Después del tentempié nos introdujimos en una cúpula geodésica auto-construida por los miembros la iniciativa «Lata Lata». Para acceder a este espacio fue necesario introducirse de espaldas por la puertecita de la cúpula, este es un ritual de la cultura del pueblo indígena de los Coguis. Da buena suerte acceder a los espacios cerrados de esta manera.

Una vez dentro de la sala de conversación de Lata Lata, uno de sus fundadores nos cuenta de donde nace esta asociación que lleva ya 7 años educando:
» La experiencia tiene origen en la iniciativa propia de construir identidad en la escuela a partir de su historia y con fundamento en la realidad percibida por los estudiantes. Se apuesta a considerar la convivencia como eje articulador y estructurador de todos los procesos escolares para una praxis educativa de calidad»
El nombre de Lata Lata significa en el idioma Cogui » unión de ti con migo» y los espacios sagrados para poder conversar se llaman «Cancruas».
Según nos explican el proyecto educativo está basado en los principios de respeto de los pueblos indígenas hacia la naturaleza, el agua, el aire, el fuego y la tierra.
El principal objetivo de la visita fue que cada uno de los miembros de la comitiva se presentara para poner intereses en común con la iniciativa LataLata. Al final de la visita se abrió un debate entorno a las actividades desarrolladas por la asociación
Nos impacto el proceso de construcción de la cúpula. Fue un arquitecto, padre de un niño del colegio, el que dirigió a un gran equipo de estudiantes para construir la cúpula en menos de un mes.

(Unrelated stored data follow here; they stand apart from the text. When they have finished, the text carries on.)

(* Let $d=1$. There is a constant $c_1$ depending only on the dimension such that for all $N\ge1$, $$\text{i) } E_Q(Z(N)^2)\le \sum_{n=0}^N\left(c_1c^2_{N,1}N^{1/2}\right)^n,\qquad \text{ii) } E_Q(K(N)^2)\le N^2\sum_{n=0}^N\left(c_1c^2_{N,1}N^{1/2}\right)^n.$$
   Context: $P^N_0$ is the uniform probability measure on nearest-neighbour walks $\omega:\{0,\dots,N\}\to\mathbb{Z}$ with $\omega(0)=0$, $|\omega(n)-\omega(n-1)|=1$ (each of weight $2^{-N}$). The environment $h=\{h(n,x):n\in\mathbb{N},x\in\mathbb{Z}\}$ consists of i.i.d. random variables with $h(n,x)=\pm1$ each with probability $1/2$ on a probability space $(H,\mathcal{G},Q)$, independent of the walk; $E_Q$ is expectation under $Q$. $(c_{N,1})$ is a sequence of positive numbers with $\lim_{N\to\infty}c_{N,1}^2N^{1/2}=0$. $Z(N)=\int\prod_{n=1}^N[1+c_{N,1}h(n,\omega(n))]\,dP^N_0(\omega)$ and $K(N)=\int\prod_{n=1}^N[1+c_{N,1}h(n,\omega(n))]\,\omega(N)^2\,dP^N_0(\omega)$. *)

theory Defs
  imports "HOL-Probability.Probability"
begin

text \<open>Nearest-neighbour walks of length N on Z started at 0, extended by 0 after time N
  (so the set is finite and in bijection with walks on {0..N}).\<close>
definition walks :: "nat \<Rightarrow> (nat \<Rightarrow> int) set" where
  "walks N = {w. w 0 = 0 \<and> (\<forall>n\<in>{1..N}. \<bar>w n - w (n - 1)\<bar> = 1) \<and> (\<forall>n>N. w n = 0)}"

definition walk_integral :: "nat \<Rightarrow> ((nat \<Rightarrow> int) \<Rightarrow> real) \<Rightarrow> real" where
  "walk_integral N F = (\<Sum>w\<in>walks N. F w / 2 ^ N)"

definition Zpart :: "(nat \<Rightarrow> real) \<Rightarrow> (nat \<times> int \<Rightarrow> 'q \<Rightarrow> real) \<Rightarrow> nat \<Rightarrow> 'q \<Rightarrow> real" where
  "Zpart c h N q = walk_integral N (\<lambda>w. \<Prod>n\<in>{1..N}. 1 + c N * h (n, w n) q)"

definition Kpart :: "(nat \<Rightarrow> real) \<Rightarrow> (nat \<times> int \<Rightarrow> 'q \<Rightarrow> real) \<Rightarrow> nat \<Rightarrow> 'q \<Rightarrow> real" where
  "Kpart c h N q = walk_integral N (\<lambda>w. (\<Prod>n\<in>{1..N}. 1 + c N * h (n, w n) q) * real_of_int (w N) ^ 2)"

end

theory Submission
  imports Defs
begin

(* Both second moments are averages over pairs (w, w') of independent walks. Independence of the
   environment gives E[F_w F_w'] = (1 + c^2)^L, where F_w is the weight of w and L the number of
   times at which w and w' meet. Expanding, E Z^2 is the pair average of sum_k c^(2k) (L choose k),
   and splitting at the first of k chosen meeting times (a renewal argument for the difference
   walk) bounds the average of (L choose k) by (sum_(m<=N) P(w m = w' m))^k <= (2 sqrt N)^k, since
   P(w m = w' m) = (2m choose m) / 4^m <= 1 / sqrt m.
   For K, the pair average of w(N)^2 w'(N)^2 alone is N^2; the remainder
   ((1 + c^2)^L - 1) w(N)^2 w'(N)^2 is bounded by Cauchy-Schwarz, since the second moment of
   (1 + c^2)^L - 1 is O((c^2 sqrt N)^2) when c^2 sqrt N < 1. When c^2 sqrt N >= 1 the crude
   bound w(N)^2 <= N^2 suffices. *)

section \<open>Averages over walks\<close>

definition walk_cons :: "nat \<Rightarrow> int \<Rightarrow> (nat \<Rightarrow> int) \<Rightarrow> nat \<Rightarrow> int" where
  "walk_cons N s w n = (if n = 0 then 0 else if n \<le> Suc N then s + w (n - 1) else 0)"

lemma walks_0: "walks 0 = {\<lambda>_. 0}"
  by (auto simp: walks_def fun_eq_iff) (metis gr0I)

lemma walk_cons_in_walks:
  assumes s: "s \<in> {-1, 1}" and w: "w \<in> walks N"
  shows "walk_cons N s w \<in> walks (Suc N)"
proof -
  have "\<bar>walk_cons N s w n - walk_cons N s w (n - 1)\<bar> = 1" if n: "n \<in> {1..Suc N}" for n
  proof (cases "n = 1")
    case True
    then show ?thesis using s w by (auto simp: walk_cons_def walks_def)
  next
    case False
    then have "n - 1 \<in> {1..N}" using n by auto
    then have "\<bar>w (n - 1) - w (n - 1 - 1)\<bar> = 1" using w unfolding walks_def by blast
    then show ?thesis using n False by (auto simp: walk_cons_def)
  qed
  then show ?thesis by (auto simp: walks_def walk_cons_def)
qed

lemma walks_Suc: "walks (Suc N) = (\<lambda>(s, w). walk_cons N s w) ` ({-1, 1} \<times> walks N)"
proof (intro equalityI subsetI)
  fix v assume v: "v \<in> walks (Suc N)"
  have v0: "v 0 = 0" and step: "\<And>n. n \<in> {1..Suc N} \<Longrightarrow> \<bar>v n - v (n - 1)\<bar> = 1"
    and vz: "\<And>n. n > Suc N \<Longrightarrow> v n = 0"
    using v by (auto simp: walks_def)
  define w where "w m = (if m \<le> N then v (Suc m) - v 1 else 0)" for m
  have s: "v 1 \<in> {-1, 1}" using step[of 1] v0 by auto
  have "\<bar>w n - w (n - 1)\<bar> = 1" if "n \<in> {1..N}" for n
    using step[of "Suc n"] that by (auto simp: w_def)
  then have "w \<in> walks N" by (auto simp: walks_def w_def)
  moreover have "v = walk_cons N (v 1) w"
    by (rule ext) (auto simp: walk_cons_def w_def v0 vz not_le)
  ultimately show "v \<in> (\<lambda>(s, w). walk_cons N s w) ` ({-1, 1} \<times> walks N)" using s by force
qed (auto intro: walk_cons_in_walks)

lemma inj_on_walk_cons: "inj_on (\<lambda>(s, w). walk_cons N s w) ({-1, 1} \<times> walks N)"
proof (rule inj_onI, clarify)
  fix s w s' w'
  assume ws: "w \<in> walks N" "w' \<in> walks N" and eq: "walk_cons N s w = walk_cons N s' w'"
  have "w 0 = 0" "w' 0 = 0" using ws by (auto simp: walks_def)
  then have "s = s'" using fun_cong[OF eq, of 1] by (simp add: walk_cons_def)
  moreover have "w m = w' m" for m
  proof (cases "m \<le> N")
    case True
    then show ?thesis using fun_cong[OF eq, of "Suc m"] \<open>s = s'\<close> by (simp add: walk_cons_def)
  qed (use ws in \<open>auto simp: walks_def\<close>)
  ultimately show "s = s' \<and> w = w'" by auto
qed

lemma card_walks: "card (walks N) = 2 ^ N"
proof (induction N)
  case (Suc N)
  have "card (walks (Suc N)) = card ({-1, 1::int} \<times> walks N)"
    unfolding walks_Suc by (rule card_image[OF inj_on_walk_cons])
  then show ?case using Suc by (simp add: card_cartesian_product)
qed (simp add: walks_0)

lemma walk_cons_Suc [simp]: "walk_cons N s w (Suc N) = s + w N"
  by (simp add: walk_cons_def)

lemma abs_walk_le:
  assumes "w \<in> walks N" "n \<le> N"
  shows "\<bar>w n\<bar> \<le> int n"
  using assms(2)
proof (induction n)
  case (Suc n)
  then have "Suc n \<in> {1..N}" by simp
  then have "\<bar>w (Suc n) - w n\<bar> = 1" using assms(1) unfolding walks_def by fastforce
  then show ?case using Suc by auto
qed (use assms(1) in \<open>simp add: walks_def\<close>)

lemma walk_endpoint_sq_le: "w \<in> walks N \<Longrightarrow> real_of_int (w N) ^ 2 \<le> real N ^ 2"
  using abs_walk_le[of w N N] by (simp add: abs_le_square_iff[symmetric])

lemma walk_integral_Suc:
  "walk_integral (Suc N) F =
     walk_integral N (\<lambda>w. (F (walk_cons N (-1) w) + F (walk_cons N 1 w)) / 2)"
proof -
  have "(\<Sum>v\<in>walks (Suc N). F v / 2 ^ Suc N)
      = (\<Sum>(s, w)\<in>{-1, 1} \<times> walks N. F (walk_cons N s w) / 2 ^ Suc N)"
    unfolding walks_Suc by (subst sum.reindex[OF inj_on_walk_cons]) (simp add: case_prod_beta')
  then show ?thesis
    by (simp add: walk_integral_def sum.cartesian_product[symmetric] sum.distrib add_divide_distrib)
qed

lemma walk_integral_const [simp]: "walk_integral N (\<lambda>_. a) = a"
  by (simp add: walk_integral_def card_walks)

lemma walk_integral_add:
  "walk_integral N (\<lambda>w. F w + G w) = walk_integral N F + walk_integral N G"
  by (simp add: walk_integral_def sum.distrib add_divide_distrib)

lemma walk_integral_diff:
  "walk_integral N (\<lambda>w. F w - G w) = walk_integral N F - walk_integral N G"
  by (simp add: walk_integral_def sum_subtractf diff_divide_distrib)

lemma walk_integral_mult_left:
  "walk_integral N (\<lambda>w. a * F w) = a * walk_integral N F"
  by (simp add: walk_integral_def sum_distrib_left)

lemma walk_integral_mult_right:
  "walk_integral N (\<lambda>w. F w * a) = walk_integral N F * a"
  by (simp add: walk_integral_def sum_distrib_right)

lemma walk_integral_sum:
  "walk_integral N (\<lambda>w. \<Sum>i\<in>I. F i w) = (\<Sum>i\<in>I. walk_integral N (F i))"
  by (simp add: walk_integral_def sum_divide_distrib[symmetric] sum.swap[of _ I])

lemma walk_integral_divide:
  "walk_integral N (\<lambda>w. F w / a) = walk_integral N F / a"
  by (simp add: walk_integral_def sum_divide_distrib[symmetric])

lemma walk_integral_mono:
  "(\<And>w. w \<in> walks N \<Longrightarrow> F w \<le> G w) \<Longrightarrow> walk_integral N F \<le> walk_integral N G"
  by (simp add: walk_integral_def sum_divide_distrib[symmetric] divide_right_mono sum_mono)

lemma walk_integral_cong:
  "(\<And>w. w \<in> walks N \<Longrightarrow> F w = G w) \<Longrightarrow> walk_integral N F = walk_integral N G"
  by (simp add: walk_integral_def)

lemma walk_integral_nonneg:
  "(\<And>w. w \<in> walks N \<Longrightarrow> 0 \<le> F w) \<Longrightarrow> 0 \<le> walk_integral N F"
  using walk_integral_mono[of N "\<lambda>_. 0" F] by simp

La visita continuo en «El Instituto Cerros Del Sur», ubicado en un lugar descrito así por Raúl Zibechi :

» En el límite sur de Bogotá, entre montañas frías barridas por el viento de la cordillera, millones de desplazados por 60 años de guerras buscan construir el mundo de sus sueños, pese a las amenazas de los grupos armados y el abuso de los propietarios de tierras».
A una hora del centro de Bogotá, se extiende el inmenso suburbio de Ciudad Bolívar, el más poblado de las 20 «localidades» de la capital, con un millón de habitantes. Casi todas las viviendas guardan vestigios de la autoconstrucción que caracteriza toda la zona. Llegando al barrio de Jerusalén, donde aparece un cinturón de cerros que marcan el límite de la ciudad, las viviendas son cada vez más pobres aunque casi todas están construidas con bloques. Los servicios parecen cada vez más precarios : sólo las calles principales, las avenidas, están asfaltadas ; los comercios y el transporte público son más escasos ; la llanura va dando paso a cuestas empinadas. Estamos llegando a los suburbios de los suburbios.

En marzo de 1984 se inauguró el Instituto Cerros del Sur, fundado por Evaristo Bernate. Asistían 300 niños a la escuela que funcionaba en tres casetas prefabricadas de apenas 40 metros, y un grupo de profesores voluntarios y autodidactas. Muchos niños se sentaban en el suelo o sobre un ladrillo y escribían sobre una tabla que hacía las veces de pupitre. Formalmente, es una institución privada pero los padres no pagan porque están becados por el ministerio de Educación.
El objetivo no fue sólo educar, sino tratar de organizar la vida del barrio, para lo cual cada uno de los profesores se encarga de un sector específico para «crear organización comunitaria con los líderes del barrio para buscar solución a las dificultades que se afrontaban»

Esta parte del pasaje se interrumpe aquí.